From a quick glimpse of the link provided by cache that I also posted earlier (https://apps.thesgc.org/SARSCoV2_pocketome/icm/nsp13_html.html) my guess would be staying around the RNA-binding site that have overlap with crystallized fragments. (scroll to the bottom of the page and click fragment hits to see it in the viewer, where purple spheres overlapping the RNA ribbon)

And focus on interaction with conserved residues (segments) around there. Don't get it towards the ATP binding site since it's not conserved, and avoid the orange patches indicating mutated residues.

[rmoretti]

We really don't know how these compounds bind - we just have experimental evidence that they do.

The goal is to find compounds which compete with the RNA in the RNA binding site of the protein. The compounds that we're starting with are in those pocket, so anything in the same general area will likely work. But we don't have any particular residues which we know are interacting with the compound, or any particular interactions which we definitely need to meet. Something which binds well in the same general area is what we're looking for.

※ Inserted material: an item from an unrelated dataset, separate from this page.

(* For all $\mu,\nu\in\mathcal{S}\mathrm{Curr}(F_N)$, the set function $U\mapsto(\mu\times\nu)(I^{-1}(U))$ on Borel subsets $U\subset\mathcal{C}_N$ is well defined and is a subset current; moreover for every $T\in\mathrm{Sub}(X,1)$ it satisfies $(\mu\times\nu)(I^{-1}(\mathrm{SCyl}(T)))\leq V(\mu)V(\nu)$, where $V(\mu)=\sum_{T'\in\mathcal{R}_1}\mu(\mathrm{SCyl}(T'))$. The resulting map $\widehat I\colon\mathcal{S}\mathrm{Curr}(F_N)^2\to\mathcal{S}\mathrm{Curr}(F_N)$ is $\mathbb{R}_{\geq0}$-bilinear.
   Context: $N\geq2$, $F_N$ free with free basis $A$, $X$ its Cayley graph (tree with vertex set $F_N$, edge lengths 1, path metric $d_X$), $\partial X$ its boundary. $\mathcal{C}_N$: closed subsets of $\partial X$ with at least two points, Vietoris (Hausdorff) topology; a subset current is an $F_N$-invariant Borel measure on $\mathcal{C}_N$ finite on compact sets. $I(S_1,S_2)=S_1\cap S_2\in\{\text{closed subsets of }\partial X\}$. For an oriented edge $e$ of $X$, $\mathrm{Cyl}(e)\subset\partial X$ is the set of ends of geodesic rays starting with $e$. $\mathrm{Sub}(X)$ is the set of finite subtrees of $X$ with at least two vertices; for $T\in\mathrm{Sub}(X)$ with terminal edges $e_1,\dots,e_m$ (oriented edges whose terminal vertex has degree one in $T$), $\mathrm{SCyl}(T)=\{S\in\mathcal{C}_N: S\subset\bigcup_i\mathrm{Cyl}(e_i),\ S\cap\mathrm{Cyl}(e_i)\neq\emptyset\ \forall i\}$. $\mathrm{Sub}(X,1)$ is the set of $T\in\mathrm{Sub}(X)$ containing $1$. $\mathcal{R}_1$ is the set of $T\in\mathrm{Sub}(X)$ containing $1$ such that $1$ has degree $\ge2$ in $T$ and every degree-one vertex $u$ of $T$ satisfies $d_X(1,u)=1$. *)

theory Defs
  imports "HOL-Analysis.Analysis" "HOL-Probability.Probability"
begin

In fact, this "Structure Activity Relationship" phase is attempting to investigate where/how the ligand binds. If we have generally the same ligand, but with slight differences, then that can help narrow down what the binding mode is – you want a binding mode compatible with all the structures which bind, and where the compounds which don't bind have a plausible explanation (e.g. they clash with the protein) for why they don't. (The assumption being that all the compounds in the series will bind in more-or-less the same way, which is an assumption which doesn't always hold, but holds often enough to be useful.)

[BootsMcGraw]

Would love to play this round, but once again, no library function available, and no additional playing time to make up for the once again broken tools. Is it any wonder this game is hemorrhaging players?